# Prep sentences

In this notebook, I prepare the semantically bleached template sentences.

### Table of Contents:
- [1. Set up templates, targets, and attributes](#1-set-up-templates-targets-and-attributes)
- [2. Populate templates with targets and attributes](#2-populate-templates-with-targets-and-attributes)

In [1]:
# Import dependencies
import pandas as pd

In [11]:
# Declare variables
LEXICON_INPUT_PATH = '../data/input/lexicon.csv' # processed lexicon that is ready for use (created in ./prep_lexicon.ipynb)
SENTENCES_INPUT_PATH = '../data/input/sentences.csv' # processed sentences that is ready for use (created in this notebook)
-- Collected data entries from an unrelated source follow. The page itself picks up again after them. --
(* Let $n$ be a positive integer and let $\mathbb{F}$ be a field with $\operatorname{char}(\mathbb{F})\neq 2$ and $|\mathbb{F}|\geq n^2+1$. Let $\Sigma_n$ denote the set of all $n\times n$ symmetric matrices over $\mathbb{F}$. Let $\psi:\Sigma_n\to\Sigma_n$ be a map, and let $\chi$ be a map from the set of all invertible matrices in $\Sigma_n$ into $\Sigma_n$. If $\operatorname{tr}(xy)=\operatorname{tr}(\chi(x)\psi(y))$ for every invertible $x\in\Sigma_n$ and every $y\in\Sigma_n$, then $\psi$ is linear. *)

theory Defs
  imports "HOL-Analysis.Analysis"
begin

definition symmetric_mat :: "'a::field^'n^'n \<Rightarrow> bool" where
  "symmetric_mat A \<longleftrightarrow> transpose A = A"

definition mat_scale :: "'a::field \<Rightarrow> 'a^'n^'n \<Rightarrow> 'a^'n^'n" where
  "mat_scale c A = (\<chi> i j. c * A $ i $ j)"

end

theory Submission
  imports Defs
begin
lemma x_g_sq_le_h: assumes "0 \<le> x" shows "x * (g x)\<^sup>2 \<le> (1 + 2 * \<delta>) * h x"
proof (cases "x = 0")
  case True then show ?thesis by (simp add: h_def)
next
  case False
  then have x: "0 < x" using assms by simp
  define c where "c = (g x * x powr (- \<delta>))\<^sup>2"
  have "((\<lambda>s. c * s powr (2*\<delta>)) has_integral c * (x powr (2*\<delta>+1) / (2*\<delta>+1))) {0..x}"
    using has_integral_powr_from_0[of "2*\<delta>" x] delta_pos x by (intro has_integral_mult_right) auto
  then have "c * (x powr (2*\<delta>+1) / (2*\<delta>+1)) \<le> h x"
  proof (rule has_integral_le[OF _ has_integral_h])
    fix s assume s: "s \<in> {0..x}"
    have "(g x * x powr (- \<delta>) * s powr \<delta>)\<^sup>2 \<le> (g s)\<^sup>2"
      using g_ge_powr_minorant[of s x] g_pos[of x] s x by (intro power_mono) auto
    moreover have "(g x * x powr (- \<delta>) * s powr \<delta>)\<^sup>2 = c * s powr (2*\<delta>)"
      unfolding c_def using s by (simp add: power_mult_distrib power2_eq_square powr_add[symmetric])
    ultimately show "c * s powr (2*\<delta>) \<le> (g s)\<^sup>2" by simp
  qed
  moreover have "c * (x powr (2*\<delta>+1) / (2*\<delta>+1)) = (g x)\<^sup>2 * x / (1 + 2*\<delta>)"
  proof -
    have "(x powr (- \<delta>))\<^sup>2 * x powr (2*\<delta>+1) = x"
      using x by (simp add: power2_eq_square powr_add[symmetric])
    then show ?thesis unfolding c_def
      by (simp add: power_mult_distrib add.commute mult.assoc)
  qed
  ultimately show ?thesis using delta_pos by (simp add: field_simps)
qed

lemma rho_le_x_g: assumes "0 \<le> x" shows "rho x \<le> (1 + \<delta>) * x * g x"
proof -
  have "rho x \<le> integral {0..x} (\<lambda>s. (1 + \<delta>) * g x)"
    unfolding rho_def
    by (rule integral_le) (use has_integral_rho[of x] almost_mono in \<open>auto simp: rho_def\<close>)
  then show ?thesis using assms by (simp add: mult_ac)
qed

lemma h_le_g_rho: assumes "0 \<le> x" shows "h x \<le> (1 + \<delta>) * g x * rho x"
proof -
  have "((\<lambda>s. ((1 + \<delta>) * g x) * g s) has_integral (1 + \<delta>) * g x * rho x) {0..x}"
    by (intro has_integral_mult_right has_integral_rho)
  then show ?thesis
  proof (rule has_integral_le[OF has_integral_h])
    fix s assume "s \<in> {0..x}"
    then show "(g s)\<^sup>2 \<le> (1 + \<delta>) * g x * g s"
      using almost_mono[of s x] g_pos[of s] by (auto simp: power2_eq_square intro: mult_right_mono)
  qed
qed
(* Let $G_1,\dots,G_n$ be finite groups and let $K$ be a simplicial complex on $[n]$ whose 1-skeleton $K^1$ is a chordal graph. Then the image of the faithful representation $\Theta_K:\prod_{K^1}G_i\to\mathrm{Aut}(F_{\rho_K})$ is not contained in the subgroup $\mathrm{IA}_{\rho_K}$.
   Context: $\prod_{K^1}G_i$ is the graph product: the quotient of $G_1*\cdots*G_n$ by the normal closure of $[g_i,g_j]$ for $g_i\in G_i,g_j\in G_j$, $\{i,j\}$ an edge of $K^1$. $F_{\rho_K}$ is the kernel of the natural projection $\prod_{K^1}G_i\to G_1\times\cdots\times G_n$, free of rank $\rho_K$ when $K^1$ is chordal, and $\Theta_K(g)(h)=ghg^{-1}$. $\mathrm{IA}_N$ is the kernel of the map $\mathrm{Aut}(F_N)\to\mathrm{GL}(N,\mathbb Z)$ induced by the action on $H_1(F_N)=\mathbb Z^N$. A graph is chordal if every cycle of length greater than three has an edge joining two nonconsecutive vertices. *)

theory Defs
  imports "HOL-Algebra.Algebra"
begin

definition simplicial_complex :: "nat \<Rightarrow> nat set set \<Rightarrow> bool" where
  "simplicial_complex n K \<longleftrightarrow>
     (\<forall>\<sigma>\<in>K. \<sigma> \<subseteq> {1..n}) \<and>
     (\<forall>\<sigma>\<in>K. \<forall>\<tau>. \<tau> \<subseteq> \<sigma> \<longrightarrow> \<tau> \<in> K) \<and>
     (\<forall>i\<in>{1..n}. {i} \<in> K)"

definition skel_edge :: "nat set set \<Rightarrow> nat \<Rightarrow> nat \<Rightarrow> bool" where
  "skel_edge K i j \<longleftrightarrow> i \<noteq> j \<and> {i, j} \<in> K"
theorem cycle_type_skew_product:
  fixes g :: "'u::finite \<Rightarrow> 'u" and \<phi> :: "'u \<Rightarrow> 'w::finite \<Rightarrow> 'w"
  assumes "bij g" and "\<And>u. bij (\<phi> u)" and "\<forall>u. \<exists>!s. s \<in> S \<and> u \<in> cyc g s"
  shows "cycle_type (skew_product g \<phi>)
           = (\<Sum>s\<in>S. BU (card (cyc g s)) (cycle_type (cocycle g \<phi> s (card (cyc g s)))))"
proof -
  define F l R where "F = skew_product g \<phi>" and "l s = card (cyc g s)"
    and "R s = cocycle g \<phi> s (l s)" for s
  have perm_F: "permutation F" and perm_R: "permutation (R s)" for s
    using assms by (simp_all add: F_def R_def bij_imp_permutation bij_skew_product bij_cocycle)
  have "cycle_type F = (\<Sum>s\<in>S. BU (l s) (cycle_type (R s)))"
  proof (rule cycle_type_eqI[OF perm_F])
    show "count (\<Sum>s\<in>S. BU (l s) (cycle_type (R s))) 0 = 0"
      by (simp add: count_sum count_BU l_def card_cyc_pos count_cycle_type_0)
    fix m :: nat assume "0 < m"
    define c where "c u = card {x. card (cyc F (x, u)) = m}" for u
    have invariant: "card (cyc F (F z)) = m \<longleftrightarrow> card (cyc F z) = m" for z
      using cyc_eq_if_mem[OF perm_F funpow_in_cyc[of 1]] by simp
    have "m * count (\<Sum>s\<in>S. BU (l s) (cycle_type (R s))) m
            = (\<Sum>s\<in>S. l s * card {x. l s * card (cyc (R s) x) = m})"
      by (simp add: count_sum sum_distrib_left count_BU_cycle_type perm_R l_def card_cyc_pos
          \<open>0 < m\<close>)
    also have "\<dots> = (\<Sum>s\<in>S. l s * c s)"
      by (simp add: c_def l_def R_def F_def
          card_cyc_skew_product[where g = g and \<phi> = \<phi>, OF assms(1,2)])
    also have "\<dots> = (\<Sum>s\<in>S. \<Sum>u\<in>cyc g s. c u)"
      using card_fibre_cyc[where P = "\<lambda>z. card (cyc (skew_product g \<phi>) z) = m",
          OF assms(2) invariant[unfolded F_def]]
      by (simp add: c_def l_def F_def)
    also have "\<dots> = (\<Sum>u\<in>UNIV. c u)"
      by (rule sum_UNIV_partition[symmetric]) (simp_all add: assms(3))
    also have "\<dots> = card {z. card (cyc F z) = m}"
      by (simp add: c_def card_Collect_prod_eq_sum_fibres)
    finally show "m * count (\<Sum>s\<in>S. BU (l s) (cycle_type (R s))) m = card {z. card (cyc F z) = m}" .
  qed
  then show ?thesis by (simp add: F_def l_def R_def)
qed

lemma inj_vector_matrix_mult:
  fixes A :: "'a::field^'n^'n"
  assumes "invertible A"
  shows "inj (\<lambda>x. x v* A)"
proof (rule injI)
  fix x y assume eq: "x v* A = y v* A"
  obtain B where B: "A ** B = mat 1" using assms unfolding invertible_def by blast
  have "x = (x v* A) v* B" by (simp add: vector_matrix_mul_assoc B)
  also have "\<dots> = y" by (simp add: eq vector_matrix_mul_assoc B)
  finally show "x = y" .
qed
## 1. Set up templates, targets, and attributes

Templates: 
- A [TARGET] person is [ATTRIBUTE].
- [TARGET] people are [ATTRIBUTE].
- A person who is [TARGET] is [ATTRIBUTE]. 
- People who are [TARGET] are [ATTRIBUTE].

Targets: 
- disabled/abled
- deaf/hearing
- blind/sighted

Attributes are from the extended lexicon created by [Nicolas et al. (2021)](https://onlinelibrary.wiley.com/doi/epdf/10.1002/ejsp.2724), and in `./prep_lexicon.ipynb` I prepared and saved them to `LEXICON_INPUT_PATH`.

In [7]:
templates = {'person_first': ['A person who is [TARGET] is [ATTRIBUTE].', 
                              'People who are [TARGET] are [ATTRIBUTE].'], 
             'identity_first': ['A [TARGET] person is [ATTRIBUTE].', 
                                '[TARGET] people are [ATTRIBUTE].']}

targets = ['deaf', 'hearing', 'blind', 'sighted', 'disabled', 'abled']

# Load lexicon
scm_df = pd.read_csv(LEXICON_INPUT_PATH)
scm_df.head()

Unnamed: 0,Attribute,Unsociable,Sociable,Immoral,Moral,Dependent,Independent,Unable,Able
0,aberrant,False,False,True,False,False,False,False,False
1,abhorrent,False,False,True,False,False,False,False,False
2,abject,False,False,False,False,True,False,False,False
3,able,False,False,False,False,False,False,False,True
4,abnormal,False,False,True,False,False,False,False,False


## 2. Populate templates with targets and attributes

Requirements: 
- Source data frame has an "Attribute" column
- We have defined templates in this notebook
- We have defined targets in this notebook

Notes: 
- This code can deal with multi-word attributes (but we don't have any, as explained in `./prep_lexicon.ipynb`).
- This code can only deal with single-word targets.

In [8]:
def process_df(source_df):
    target_token = '[TARGET]'
    attribute_token = '[ATTRIBUTE]'
    mask_token = '[MASK]'
    dataframes = []

    for target in targets:
        for template_type, template_list in templates.items(): 
            for template in template_list:
                if target == 'abled': # FIX GRAMMAR HERE FOR ANY TARGETS THAT NEED FIXING 
                    template = template.replace('A [TARGET]', 'An [TARGET]')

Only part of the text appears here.